■ **Requirement**
Only one stretch of the records below is wanted: the lines from the one holding "N) (\<lambda>(i, k)." through the one holding "by (rule eq_matI) (auto simp: M_def)". Return it exactly, both ends included.

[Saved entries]
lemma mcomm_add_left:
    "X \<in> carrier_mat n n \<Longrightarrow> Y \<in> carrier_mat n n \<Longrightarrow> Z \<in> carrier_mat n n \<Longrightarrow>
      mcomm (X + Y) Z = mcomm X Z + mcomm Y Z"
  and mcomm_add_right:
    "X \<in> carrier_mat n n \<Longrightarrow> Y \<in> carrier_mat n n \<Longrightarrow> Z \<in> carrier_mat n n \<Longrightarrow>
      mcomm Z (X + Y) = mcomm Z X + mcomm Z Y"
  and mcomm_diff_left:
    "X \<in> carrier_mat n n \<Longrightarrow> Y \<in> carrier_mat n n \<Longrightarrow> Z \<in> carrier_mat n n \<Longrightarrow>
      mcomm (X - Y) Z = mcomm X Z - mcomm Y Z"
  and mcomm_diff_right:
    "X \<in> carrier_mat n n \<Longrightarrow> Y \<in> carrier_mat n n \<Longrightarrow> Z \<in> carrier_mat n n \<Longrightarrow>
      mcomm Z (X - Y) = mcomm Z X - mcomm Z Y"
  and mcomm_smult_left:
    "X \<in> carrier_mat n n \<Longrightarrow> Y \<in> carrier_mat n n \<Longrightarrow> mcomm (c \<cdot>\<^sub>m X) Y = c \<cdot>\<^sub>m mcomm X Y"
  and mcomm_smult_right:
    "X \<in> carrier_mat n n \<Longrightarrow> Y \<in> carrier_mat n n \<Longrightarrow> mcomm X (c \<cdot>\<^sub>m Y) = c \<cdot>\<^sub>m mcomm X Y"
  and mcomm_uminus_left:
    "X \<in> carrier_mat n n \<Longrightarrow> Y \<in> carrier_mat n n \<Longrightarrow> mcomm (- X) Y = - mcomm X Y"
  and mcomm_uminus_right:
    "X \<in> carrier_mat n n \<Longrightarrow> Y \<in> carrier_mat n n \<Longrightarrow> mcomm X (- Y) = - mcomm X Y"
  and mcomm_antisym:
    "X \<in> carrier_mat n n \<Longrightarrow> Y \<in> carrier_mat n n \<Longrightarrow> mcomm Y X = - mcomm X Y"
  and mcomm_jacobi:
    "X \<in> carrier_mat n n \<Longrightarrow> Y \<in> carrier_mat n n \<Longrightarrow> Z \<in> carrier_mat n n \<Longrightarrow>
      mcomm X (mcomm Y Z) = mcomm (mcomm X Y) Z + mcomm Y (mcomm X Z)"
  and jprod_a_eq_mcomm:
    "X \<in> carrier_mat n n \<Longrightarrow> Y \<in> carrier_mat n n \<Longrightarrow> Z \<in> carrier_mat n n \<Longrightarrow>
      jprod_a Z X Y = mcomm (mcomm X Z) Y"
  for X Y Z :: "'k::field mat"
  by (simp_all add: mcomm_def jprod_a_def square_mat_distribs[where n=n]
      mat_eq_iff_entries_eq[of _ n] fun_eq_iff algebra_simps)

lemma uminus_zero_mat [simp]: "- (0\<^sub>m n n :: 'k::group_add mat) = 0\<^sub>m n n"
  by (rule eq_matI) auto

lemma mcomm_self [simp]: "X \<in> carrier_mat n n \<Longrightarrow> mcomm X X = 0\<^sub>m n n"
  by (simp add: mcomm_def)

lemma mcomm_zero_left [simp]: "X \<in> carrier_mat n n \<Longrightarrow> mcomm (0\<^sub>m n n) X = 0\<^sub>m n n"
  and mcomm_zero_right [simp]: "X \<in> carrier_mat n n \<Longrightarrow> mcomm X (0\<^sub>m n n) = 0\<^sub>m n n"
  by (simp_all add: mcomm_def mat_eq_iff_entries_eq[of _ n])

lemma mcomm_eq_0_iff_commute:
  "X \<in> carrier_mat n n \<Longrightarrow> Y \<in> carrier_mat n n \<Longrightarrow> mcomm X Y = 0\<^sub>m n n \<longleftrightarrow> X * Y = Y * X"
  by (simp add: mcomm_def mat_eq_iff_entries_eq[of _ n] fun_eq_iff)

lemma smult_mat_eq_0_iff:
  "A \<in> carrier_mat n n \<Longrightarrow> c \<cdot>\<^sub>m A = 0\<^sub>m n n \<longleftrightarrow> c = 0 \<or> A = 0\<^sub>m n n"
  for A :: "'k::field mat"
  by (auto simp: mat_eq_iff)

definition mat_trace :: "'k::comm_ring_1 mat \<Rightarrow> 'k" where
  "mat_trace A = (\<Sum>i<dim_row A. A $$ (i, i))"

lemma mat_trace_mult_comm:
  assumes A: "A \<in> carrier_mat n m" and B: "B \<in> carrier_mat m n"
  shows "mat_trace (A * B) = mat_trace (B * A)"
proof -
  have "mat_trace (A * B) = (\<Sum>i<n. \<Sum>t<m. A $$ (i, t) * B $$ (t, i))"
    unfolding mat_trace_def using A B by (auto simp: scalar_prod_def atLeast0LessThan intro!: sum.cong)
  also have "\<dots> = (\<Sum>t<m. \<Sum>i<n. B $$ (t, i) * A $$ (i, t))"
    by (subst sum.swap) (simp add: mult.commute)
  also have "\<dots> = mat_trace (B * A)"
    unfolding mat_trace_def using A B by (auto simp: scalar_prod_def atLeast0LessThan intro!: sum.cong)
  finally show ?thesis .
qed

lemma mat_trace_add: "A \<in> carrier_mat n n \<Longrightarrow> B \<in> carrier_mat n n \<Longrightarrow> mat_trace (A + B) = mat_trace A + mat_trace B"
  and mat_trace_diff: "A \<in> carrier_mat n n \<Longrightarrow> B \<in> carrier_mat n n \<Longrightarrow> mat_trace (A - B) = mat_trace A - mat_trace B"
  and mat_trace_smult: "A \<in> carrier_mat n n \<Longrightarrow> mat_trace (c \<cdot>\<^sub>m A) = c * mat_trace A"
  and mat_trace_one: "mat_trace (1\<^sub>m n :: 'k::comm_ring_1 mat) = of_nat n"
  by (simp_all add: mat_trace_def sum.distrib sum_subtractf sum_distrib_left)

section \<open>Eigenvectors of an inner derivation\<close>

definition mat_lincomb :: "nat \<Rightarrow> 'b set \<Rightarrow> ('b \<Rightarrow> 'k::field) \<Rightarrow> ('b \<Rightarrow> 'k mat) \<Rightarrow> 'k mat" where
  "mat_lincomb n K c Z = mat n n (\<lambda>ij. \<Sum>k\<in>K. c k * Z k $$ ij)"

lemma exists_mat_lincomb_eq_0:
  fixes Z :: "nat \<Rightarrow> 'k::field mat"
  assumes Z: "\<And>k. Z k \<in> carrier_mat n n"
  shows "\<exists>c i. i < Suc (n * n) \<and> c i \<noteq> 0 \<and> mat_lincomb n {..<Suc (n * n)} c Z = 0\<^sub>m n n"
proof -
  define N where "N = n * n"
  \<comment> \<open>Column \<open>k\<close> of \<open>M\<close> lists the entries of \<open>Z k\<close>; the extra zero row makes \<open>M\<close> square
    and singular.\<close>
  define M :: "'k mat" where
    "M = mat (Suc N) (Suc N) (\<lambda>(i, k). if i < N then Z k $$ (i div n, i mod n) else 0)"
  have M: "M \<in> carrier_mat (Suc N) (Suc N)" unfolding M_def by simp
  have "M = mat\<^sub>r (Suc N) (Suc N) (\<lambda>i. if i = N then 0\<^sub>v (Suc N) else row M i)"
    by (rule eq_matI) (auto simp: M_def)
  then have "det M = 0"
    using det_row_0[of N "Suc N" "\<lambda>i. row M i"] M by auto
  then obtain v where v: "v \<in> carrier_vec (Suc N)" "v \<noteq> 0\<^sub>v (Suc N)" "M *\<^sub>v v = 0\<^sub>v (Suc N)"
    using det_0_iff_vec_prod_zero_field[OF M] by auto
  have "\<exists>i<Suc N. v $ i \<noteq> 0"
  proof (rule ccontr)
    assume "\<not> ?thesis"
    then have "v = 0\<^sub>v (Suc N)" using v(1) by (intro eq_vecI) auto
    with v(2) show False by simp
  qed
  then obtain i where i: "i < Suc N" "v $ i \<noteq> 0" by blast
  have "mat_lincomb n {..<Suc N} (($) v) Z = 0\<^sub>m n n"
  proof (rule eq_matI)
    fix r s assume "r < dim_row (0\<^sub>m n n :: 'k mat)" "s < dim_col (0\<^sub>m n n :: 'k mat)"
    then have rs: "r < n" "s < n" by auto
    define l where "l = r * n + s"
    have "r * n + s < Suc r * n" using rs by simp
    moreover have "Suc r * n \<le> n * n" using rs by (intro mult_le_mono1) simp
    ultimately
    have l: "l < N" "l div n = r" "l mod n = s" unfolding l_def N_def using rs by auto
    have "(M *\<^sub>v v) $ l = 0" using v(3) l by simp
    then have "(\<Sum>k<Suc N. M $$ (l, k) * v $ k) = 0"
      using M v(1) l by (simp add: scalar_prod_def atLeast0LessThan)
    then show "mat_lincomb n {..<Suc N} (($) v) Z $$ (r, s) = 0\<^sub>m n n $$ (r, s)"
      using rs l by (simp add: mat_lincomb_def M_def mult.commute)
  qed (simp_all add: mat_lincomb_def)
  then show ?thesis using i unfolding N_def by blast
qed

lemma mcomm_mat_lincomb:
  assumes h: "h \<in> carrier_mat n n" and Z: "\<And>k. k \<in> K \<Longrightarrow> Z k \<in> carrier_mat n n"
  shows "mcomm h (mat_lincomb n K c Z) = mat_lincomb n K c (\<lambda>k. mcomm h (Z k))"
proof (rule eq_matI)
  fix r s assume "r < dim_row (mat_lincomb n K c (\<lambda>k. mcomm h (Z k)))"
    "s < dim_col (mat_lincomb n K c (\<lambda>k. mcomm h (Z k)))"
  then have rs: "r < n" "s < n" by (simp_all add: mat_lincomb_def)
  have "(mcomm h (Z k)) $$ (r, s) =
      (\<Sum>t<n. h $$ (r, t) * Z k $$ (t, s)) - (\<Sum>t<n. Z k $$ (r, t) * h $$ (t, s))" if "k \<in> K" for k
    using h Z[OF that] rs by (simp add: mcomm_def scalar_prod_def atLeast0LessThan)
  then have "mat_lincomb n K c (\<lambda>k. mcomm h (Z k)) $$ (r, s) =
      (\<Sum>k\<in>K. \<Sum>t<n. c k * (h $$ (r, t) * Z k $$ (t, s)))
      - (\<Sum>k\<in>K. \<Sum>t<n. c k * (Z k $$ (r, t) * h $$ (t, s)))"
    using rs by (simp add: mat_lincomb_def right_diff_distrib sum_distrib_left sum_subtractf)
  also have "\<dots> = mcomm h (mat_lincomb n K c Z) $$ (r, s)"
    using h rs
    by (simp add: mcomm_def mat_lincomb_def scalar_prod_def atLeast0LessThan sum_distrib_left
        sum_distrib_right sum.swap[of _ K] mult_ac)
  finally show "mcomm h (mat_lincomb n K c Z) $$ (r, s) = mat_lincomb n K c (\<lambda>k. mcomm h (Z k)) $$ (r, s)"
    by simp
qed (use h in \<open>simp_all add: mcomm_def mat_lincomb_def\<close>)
---
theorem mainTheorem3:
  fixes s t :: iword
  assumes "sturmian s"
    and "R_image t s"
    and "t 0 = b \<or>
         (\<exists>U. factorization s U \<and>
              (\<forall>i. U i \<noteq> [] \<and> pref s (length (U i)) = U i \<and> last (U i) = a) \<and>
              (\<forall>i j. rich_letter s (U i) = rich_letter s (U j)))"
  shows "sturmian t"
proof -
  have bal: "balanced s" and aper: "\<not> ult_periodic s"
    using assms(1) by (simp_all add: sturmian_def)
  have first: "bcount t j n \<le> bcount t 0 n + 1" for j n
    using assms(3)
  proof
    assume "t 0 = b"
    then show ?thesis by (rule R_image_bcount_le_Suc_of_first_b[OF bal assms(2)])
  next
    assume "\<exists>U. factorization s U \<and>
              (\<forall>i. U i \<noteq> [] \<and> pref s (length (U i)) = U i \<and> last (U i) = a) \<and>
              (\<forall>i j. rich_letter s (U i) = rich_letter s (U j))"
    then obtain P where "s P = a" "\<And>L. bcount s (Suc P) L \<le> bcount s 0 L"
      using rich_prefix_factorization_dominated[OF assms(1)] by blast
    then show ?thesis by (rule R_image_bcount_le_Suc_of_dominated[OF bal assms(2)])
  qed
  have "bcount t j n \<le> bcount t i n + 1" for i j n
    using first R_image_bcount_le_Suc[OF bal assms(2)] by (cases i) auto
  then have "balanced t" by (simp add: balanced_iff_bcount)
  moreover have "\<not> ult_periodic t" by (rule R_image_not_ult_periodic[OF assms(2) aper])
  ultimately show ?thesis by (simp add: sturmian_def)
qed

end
...
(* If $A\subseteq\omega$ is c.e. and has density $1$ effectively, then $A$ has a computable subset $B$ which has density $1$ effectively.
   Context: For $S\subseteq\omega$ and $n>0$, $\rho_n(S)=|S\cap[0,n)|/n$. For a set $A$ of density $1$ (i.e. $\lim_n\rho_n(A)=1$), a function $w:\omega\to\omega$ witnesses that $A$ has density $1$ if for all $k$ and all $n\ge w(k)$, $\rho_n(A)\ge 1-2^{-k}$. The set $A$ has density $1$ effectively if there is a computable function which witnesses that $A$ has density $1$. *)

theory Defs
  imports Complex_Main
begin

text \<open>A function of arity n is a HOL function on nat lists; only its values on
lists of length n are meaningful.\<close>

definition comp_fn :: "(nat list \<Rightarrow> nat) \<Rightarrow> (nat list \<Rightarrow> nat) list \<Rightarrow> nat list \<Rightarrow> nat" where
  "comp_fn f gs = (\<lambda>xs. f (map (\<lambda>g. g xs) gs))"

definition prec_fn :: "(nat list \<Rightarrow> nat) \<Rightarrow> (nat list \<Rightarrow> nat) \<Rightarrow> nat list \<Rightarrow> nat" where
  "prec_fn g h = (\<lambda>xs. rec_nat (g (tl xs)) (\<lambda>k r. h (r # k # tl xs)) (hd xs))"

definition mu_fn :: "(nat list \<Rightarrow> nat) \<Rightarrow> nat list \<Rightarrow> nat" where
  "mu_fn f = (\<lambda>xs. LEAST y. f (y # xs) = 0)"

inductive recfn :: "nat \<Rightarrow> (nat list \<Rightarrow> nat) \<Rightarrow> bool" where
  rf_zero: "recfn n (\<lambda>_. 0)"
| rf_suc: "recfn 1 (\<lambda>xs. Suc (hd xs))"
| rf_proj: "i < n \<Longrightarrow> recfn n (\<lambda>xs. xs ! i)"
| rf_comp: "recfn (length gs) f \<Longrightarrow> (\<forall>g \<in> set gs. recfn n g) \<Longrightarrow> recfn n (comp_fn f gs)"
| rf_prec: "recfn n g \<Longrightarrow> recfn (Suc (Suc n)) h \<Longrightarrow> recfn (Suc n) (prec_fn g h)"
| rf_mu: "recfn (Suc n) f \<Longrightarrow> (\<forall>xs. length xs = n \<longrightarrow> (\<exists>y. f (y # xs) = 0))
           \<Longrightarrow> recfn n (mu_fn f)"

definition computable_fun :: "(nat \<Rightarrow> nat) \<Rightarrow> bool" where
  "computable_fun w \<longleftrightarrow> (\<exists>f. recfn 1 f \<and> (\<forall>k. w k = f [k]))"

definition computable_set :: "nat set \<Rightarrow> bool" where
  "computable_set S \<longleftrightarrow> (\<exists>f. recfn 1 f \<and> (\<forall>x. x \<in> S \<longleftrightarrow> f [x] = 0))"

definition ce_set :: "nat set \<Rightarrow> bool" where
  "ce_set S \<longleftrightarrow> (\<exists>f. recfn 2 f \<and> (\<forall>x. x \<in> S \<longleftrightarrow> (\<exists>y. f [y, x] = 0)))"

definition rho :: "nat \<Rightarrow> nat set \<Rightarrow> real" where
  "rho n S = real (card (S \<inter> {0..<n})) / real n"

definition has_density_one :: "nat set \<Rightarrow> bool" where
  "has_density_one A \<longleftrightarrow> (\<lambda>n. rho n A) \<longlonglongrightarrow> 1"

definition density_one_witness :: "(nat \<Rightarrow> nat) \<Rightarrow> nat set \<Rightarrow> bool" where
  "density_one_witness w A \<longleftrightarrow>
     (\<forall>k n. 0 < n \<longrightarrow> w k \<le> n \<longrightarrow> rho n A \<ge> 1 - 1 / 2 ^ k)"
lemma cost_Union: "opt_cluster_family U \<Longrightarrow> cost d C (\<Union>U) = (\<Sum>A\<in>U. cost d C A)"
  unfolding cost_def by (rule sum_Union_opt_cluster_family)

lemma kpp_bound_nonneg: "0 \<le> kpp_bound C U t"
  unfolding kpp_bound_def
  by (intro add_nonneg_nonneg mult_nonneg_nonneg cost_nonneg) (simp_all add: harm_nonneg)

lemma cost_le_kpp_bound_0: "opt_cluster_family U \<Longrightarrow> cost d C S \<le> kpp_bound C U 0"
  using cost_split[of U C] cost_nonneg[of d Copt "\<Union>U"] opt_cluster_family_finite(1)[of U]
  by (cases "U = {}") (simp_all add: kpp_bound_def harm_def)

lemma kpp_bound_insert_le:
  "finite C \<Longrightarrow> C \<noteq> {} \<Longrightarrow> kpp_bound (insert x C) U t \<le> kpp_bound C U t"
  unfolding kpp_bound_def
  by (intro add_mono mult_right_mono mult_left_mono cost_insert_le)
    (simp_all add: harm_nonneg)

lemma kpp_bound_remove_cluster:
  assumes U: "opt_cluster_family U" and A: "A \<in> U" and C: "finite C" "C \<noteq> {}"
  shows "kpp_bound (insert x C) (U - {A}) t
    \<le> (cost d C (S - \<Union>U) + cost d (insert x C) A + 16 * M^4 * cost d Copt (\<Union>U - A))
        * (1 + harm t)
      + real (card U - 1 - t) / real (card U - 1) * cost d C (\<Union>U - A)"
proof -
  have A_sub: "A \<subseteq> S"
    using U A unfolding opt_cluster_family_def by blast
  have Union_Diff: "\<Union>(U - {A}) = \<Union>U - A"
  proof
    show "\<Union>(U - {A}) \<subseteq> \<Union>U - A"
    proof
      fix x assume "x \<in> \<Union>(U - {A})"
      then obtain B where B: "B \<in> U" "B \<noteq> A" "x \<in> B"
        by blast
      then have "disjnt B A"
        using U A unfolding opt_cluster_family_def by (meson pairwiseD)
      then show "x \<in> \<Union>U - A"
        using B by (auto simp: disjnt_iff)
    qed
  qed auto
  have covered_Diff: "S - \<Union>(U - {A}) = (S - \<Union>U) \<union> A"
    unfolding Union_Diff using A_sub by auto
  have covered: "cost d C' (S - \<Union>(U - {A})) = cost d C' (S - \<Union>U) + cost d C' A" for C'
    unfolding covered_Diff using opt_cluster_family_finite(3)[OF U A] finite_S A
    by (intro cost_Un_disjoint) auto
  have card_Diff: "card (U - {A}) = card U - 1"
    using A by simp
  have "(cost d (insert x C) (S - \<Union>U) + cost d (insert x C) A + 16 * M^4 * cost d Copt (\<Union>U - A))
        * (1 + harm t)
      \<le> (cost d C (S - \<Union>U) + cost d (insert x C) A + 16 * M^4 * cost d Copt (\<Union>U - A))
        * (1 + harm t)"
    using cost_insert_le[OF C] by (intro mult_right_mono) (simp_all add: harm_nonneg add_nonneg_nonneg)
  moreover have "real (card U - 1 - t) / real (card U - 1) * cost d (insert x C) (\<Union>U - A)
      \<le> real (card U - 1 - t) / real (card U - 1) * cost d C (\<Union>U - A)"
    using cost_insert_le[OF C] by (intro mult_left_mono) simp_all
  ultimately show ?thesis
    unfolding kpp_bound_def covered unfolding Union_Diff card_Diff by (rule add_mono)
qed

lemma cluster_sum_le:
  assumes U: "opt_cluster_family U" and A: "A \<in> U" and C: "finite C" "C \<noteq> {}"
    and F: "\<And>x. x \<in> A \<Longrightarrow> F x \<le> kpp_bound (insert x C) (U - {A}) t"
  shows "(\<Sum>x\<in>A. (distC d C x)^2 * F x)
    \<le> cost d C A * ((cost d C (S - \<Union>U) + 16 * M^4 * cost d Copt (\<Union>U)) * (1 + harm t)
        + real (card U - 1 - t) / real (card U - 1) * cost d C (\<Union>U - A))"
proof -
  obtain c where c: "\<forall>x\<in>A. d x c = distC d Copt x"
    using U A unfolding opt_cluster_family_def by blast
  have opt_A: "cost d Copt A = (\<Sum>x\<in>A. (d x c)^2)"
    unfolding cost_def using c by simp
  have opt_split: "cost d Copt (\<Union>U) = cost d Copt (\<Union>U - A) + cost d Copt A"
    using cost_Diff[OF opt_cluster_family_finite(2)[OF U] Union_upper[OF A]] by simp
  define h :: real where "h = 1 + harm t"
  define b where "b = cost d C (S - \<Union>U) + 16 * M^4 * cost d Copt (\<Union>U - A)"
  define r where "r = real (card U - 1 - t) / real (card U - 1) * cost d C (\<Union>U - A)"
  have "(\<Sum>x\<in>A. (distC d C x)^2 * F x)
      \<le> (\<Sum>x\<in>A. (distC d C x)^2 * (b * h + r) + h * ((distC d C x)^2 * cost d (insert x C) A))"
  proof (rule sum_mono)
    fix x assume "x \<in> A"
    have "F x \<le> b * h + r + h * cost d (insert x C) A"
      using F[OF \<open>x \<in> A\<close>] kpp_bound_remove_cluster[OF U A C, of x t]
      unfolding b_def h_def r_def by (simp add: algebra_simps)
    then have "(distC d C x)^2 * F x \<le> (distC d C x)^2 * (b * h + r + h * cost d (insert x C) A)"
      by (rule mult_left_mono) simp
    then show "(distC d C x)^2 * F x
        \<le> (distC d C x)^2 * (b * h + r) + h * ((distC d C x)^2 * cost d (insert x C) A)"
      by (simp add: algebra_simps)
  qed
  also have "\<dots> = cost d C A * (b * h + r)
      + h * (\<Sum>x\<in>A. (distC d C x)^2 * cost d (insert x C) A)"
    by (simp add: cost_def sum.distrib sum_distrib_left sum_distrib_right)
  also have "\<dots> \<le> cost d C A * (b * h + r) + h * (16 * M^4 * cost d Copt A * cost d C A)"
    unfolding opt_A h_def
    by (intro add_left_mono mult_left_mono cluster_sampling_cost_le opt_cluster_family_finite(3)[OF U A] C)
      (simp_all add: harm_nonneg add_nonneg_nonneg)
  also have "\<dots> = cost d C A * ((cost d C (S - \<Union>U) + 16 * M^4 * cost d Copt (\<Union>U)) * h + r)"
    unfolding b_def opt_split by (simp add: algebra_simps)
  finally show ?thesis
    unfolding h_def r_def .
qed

■ **Response to this task**
    "M = mat (Suc N) (Suc N) (\<lambda>(i, k). if i < N then Z k $$ (i div n, i mod n) else 0)"
  have M: "M \<in> carrier_mat (Suc N) (Suc N)" unfolding M_def by simp
  have "M = mat\<^sub>r (Suc N) (Suc N) (\<lambda>i. if i = N then 0\<^sub>v (Suc N) else row M i)"
    by (rule eq_matI) (auto simp: M_def)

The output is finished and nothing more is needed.